Я не сразу взялась за дневники. Слишком устала от поездки домой и измучилась от бесконечных разговоров и мыслей о Ферн все последние недели. Решила на время убрать их на дальнюю полку шкафа, засунуть поглубже, чтобы не попадались на глаза всякий раз, как я раздвигаю зеркальные дверцы.
Так я порешила и немедленно раскрыла тот, что лежал сверху.
Внутри обнаружился полароидный снимок меня в роддоме в первые дни моей жизни. Красная, как клубничина, влажно поблескиваю утробным маринадом и подозрительно щурюсь на мир сквозь щелки глаз. Руки сжаты в кулачки у лица. Явно готова к драке.

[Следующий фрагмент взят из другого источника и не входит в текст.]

lemma convex_on_trunc_mean_compose:
  assumes sig: "convex_on UNIV sig" "\<And>s. 0 \<le> sig s"
  shows "convex_on UNIV (\<lambda>s. trunc_mean M W k n (\<alpha> * s + \<beta>) (sig s))"
  unfolding convex_on_alt
proof (intro conjI ballI allI impI, simp, elim conjE)
  fix s1 s2 l :: real assume l: "0 \<le> l" "l \<le> 1"
  let ?g = "\<lambda>s. trunc_mean M W k n (\<alpha> * s + \<beta>) (sig s)"
  define s where "s = l * s1 + (1 - l) * s2"
  have lin: "\<alpha> * s + \<beta> = l * (\<alpha> * s1 + \<beta>) + (1 - l) * (\<alpha> * s2 + \<beta>)"
    unfolding s_def by (simp add: algebra_simps)
  have "?g s \<le> trunc_mean M W k n (\<alpha> * s + \<beta>) (l * sig s1 + (1 - l) * sig s2)"
    using convex_onD[OF sig(1), of "1 - l" s1 s2] l sig(2)
    unfolding s_def by (intro trunc_mean_mono) auto
  also have "\<dots> \<le> l * ?g s1 + (1 - l) * ?g s2"
    unfolding lin by (rule trunc_mean_convex[OF l])
  finally show "?g (l *\<^sub>R s1 + (1 - l) *\<^sub>R s2) \<le> l * ?g s1 + (1 - l) * ?g s2"
    unfolding s_def by simp
qed

end

end

lemma (in prob_space) nn_integral_indep_var:
  fixes S W :: "'a \<Rightarrow> real" and f :: "real \<times> real \<Rightarrow> ennreal"
  assumes ind: "indep_var borel S borel W"
    and [measurable]: "f \<in> borel_measurable (borel \<Otimes>\<^sub>M borel)"
  shows "(\<integral>\<^sup>+\<omega>. f (S \<omega>, W \<omega>) \<partial>M) = (\<integral>\<^sup>+\<omega>. (\<integral>\<^sup>+\<omega>'. f (S \<omega>, W \<omega>') \<partial>M) \<partial>M)"
proof -
  have [measurable]: "S \<in> borel_measurable M" "W \<in> borel_measurable M"
    and joint: "distr M borel S \<Otimes>\<^sub>M distr M borel W = distr M (borel \<Otimes>\<^sub>M borel) (\<lambda>x. (S x, W x))"
    using ind[unfolded indep_var_distribution_eq] by auto
  interpret PW: prob_space "distr M borel W" by (rule prob_space_distr) simp
  define G where "G s = (\<integral>\<^sup>+w. f (s, w) \<partial>distr M borel W)" for s
  have [measurable]: "G \<in> borel_measurable borel"
    unfolding G_def using PW.borel_measurable_nn_integral_fst[of f borel] by simp
  have "(\<integral>\<^sup>+\<omega>. f (S \<omega>, W \<omega>) \<partial>M) = (\<integral>\<^sup>+z. f z \<partial>distr M (borel \<Otimes>\<^sub>M borel) (\<lambda>x. (S x, W x)))"
    by (rule nn_integral_distr[symmetric]) auto
  also have "\<dots> = (\<integral>\<^sup>+s. G s \<partial>distr M borel S)"
    unfolding joint[symmetric] G_def
    by (rule PW.nn_integral_fst[symmetric])
      (subst measurable_cong_sets[OF sets_pair_measure_cong[OF sets_distr sets_distr] refl]; simp)
  also have "\<dots> = (\<integral>\<^sup>+\<omega>. G (S \<omega>) \<partial>M)"
    by (rule nn_integral_distr) auto
  also have "\<dots> = (\<integral>\<^sup>+\<omega>. (\<integral>\<^sup>+\<omega>'. f (S \<omega>, W \<omega>') \<partial>M) \<partial>M)"
    unfolding G_def by (intro nn_integral_cong nn_integral_distr) auto
  finally show ?thesis .
qed

lemma SUP_indicator_atLeastAtMost_mult:
  fixes v w :: real
  assumes "0 \<le> v"
  shows "(SUP n::nat. ennreal (indicator {- real n..real n} w * v)) = ennreal v"
proof (rule antisym)
  show "(SUP n. ennreal (indicator {- real n..real n} w * v)) \<le> ennreal v"
    using assms by (intro SUP_least ennreal_leI) (simp add: indicator_def)
  obtain n :: nat where "\<bar>w\<bar> \<le> real n" using real_arch_simple by blast
  then have "ennreal v \<le> ennreal (indicator {- real n..real n} w * v)"
    by (simp add: indicator_def abs_le_iff)
  then show "ennreal v \<le> (SUP n. ennreal (indicator {- real n..real n} w * v))"
    by (rule SUP_upper2[OF UNIV_I])
qed

lemma (in prob_space) nn_integral_noise_SUP_trunc_mean:
  fixes S W :: "'a \<Rightarrow> real" and k lin sig :: "real \<Rightarrow> real"
  assumes ind: "indep_var borel S borel W"
    and k: "convex_on UNIV k" "\<And>t. 0 \<le> k t"
    and [measurable]: "lin \<in> borel_measurable borel" "sig \<in> borel_measurable borel"
  shows "(\<integral>\<^sup>+\<omega>. k (lin (S \<omega>) + sig (S \<omega>) * W \<omega>) \<partial>M)
     = (SUP n. \<integral>\<^sup>+\<omega>. trunc_mean M W k n (lin (S \<omega>)) (sig (S \<omega>)) \<partial>M)"
proof -
  have [measurable]: "S \<in> borel_measurable M" "W \<in> borel_measurable M"
    using ind[unfolded indep_var_distribution_eq] by auto
  note [measurable] = convex_on_real_borel_measurable[OF k(1)]
  define f where "f n = (\<lambda>(s, w). ennreal (indicator {- real n..real n} w * k (lin s + sig s * w)))"
    for n :: nat
  have [measurable]: "f n \<in> borel_measurable (borel \<Otimes>\<^sub>M borel)" for n
    unfolding f_def by measurable
  have "(\<integral>\<^sup>+\<omega>. k (lin (S \<omega>) + sig (S \<omega>) * W \<omega>) \<partial>M) = (\<integral>\<^sup>+\<omega>. (SUP n. f n (S \<omega>, W \<omega>)) \<partial>M)"
    by (simp add: f_def SUP_indicator_atLeastAtMost_mult k(2))
  also have "\<dots> = (SUP n. \<integral>\<^sup>+\<omega>. f n (S \<omega>, W \<omega>) \<partial>M)"
  proof (rule nn_integral_monotone_convergence_SUP)
    show "incseq (\<lambda>n \<omega>. f n (S \<omega>, W \<omega>))"
      unfolding f_def by (intro incseq_SucI le_funI ennreal_leI mult_right_mono) (auto simp: indicator_def k(2))
  qed measurable
  also have "\<dots> = (SUP n. \<integral>\<^sup>+\<omega>. (\<integral>\<^sup>+\<omega>'. f n (S \<omega>, W \<omega>') \<partial>M) \<partial>M)"
    by (intro SUP_cong refl nn_integral_indep_var[OF ind]) measurable
  also have "\<dots> = (SUP n. \<integral>\<^sup>+\<omega>. trunc_mean M W k n (lin (S \<omega>)) (sig (S \<omega>)) \<partial>M)"
    unfolding trunc_mean_def f_def
    using integrable_trunc_mean[OF finite_measure_axioms _ k(1)] k(2)
    by (simp add: nn_integral_eq_integral)
  finally show ?thesis .
qed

Под фотографией стих.
“Во-от такой!” —
Разводит дитя руками,
Показывая пион.[20]20
Стихи Кобаяси Исса (перевод Т. Соколовой-Делюсиной).
[Закрыть]
Я открыла следующий. У Ферн тоже была фотография и стихотворение. По крайней мере, отрывок. Ее сняли в день приезда в наш фермерский дом. Ей почти три месяца, водорослью обвилась вокруг чьей-то руки. Наверное, маминой; я узнаю крупный узор зеленой рубашки с других фотографий.
Волосы на голове Ферн и бакенбарды стоят дыбом. Тревожным беспокойным венчиком они обрамляют ее голое личико. Руки-прутики, морщинистый лоб, большущие испуганные глаза.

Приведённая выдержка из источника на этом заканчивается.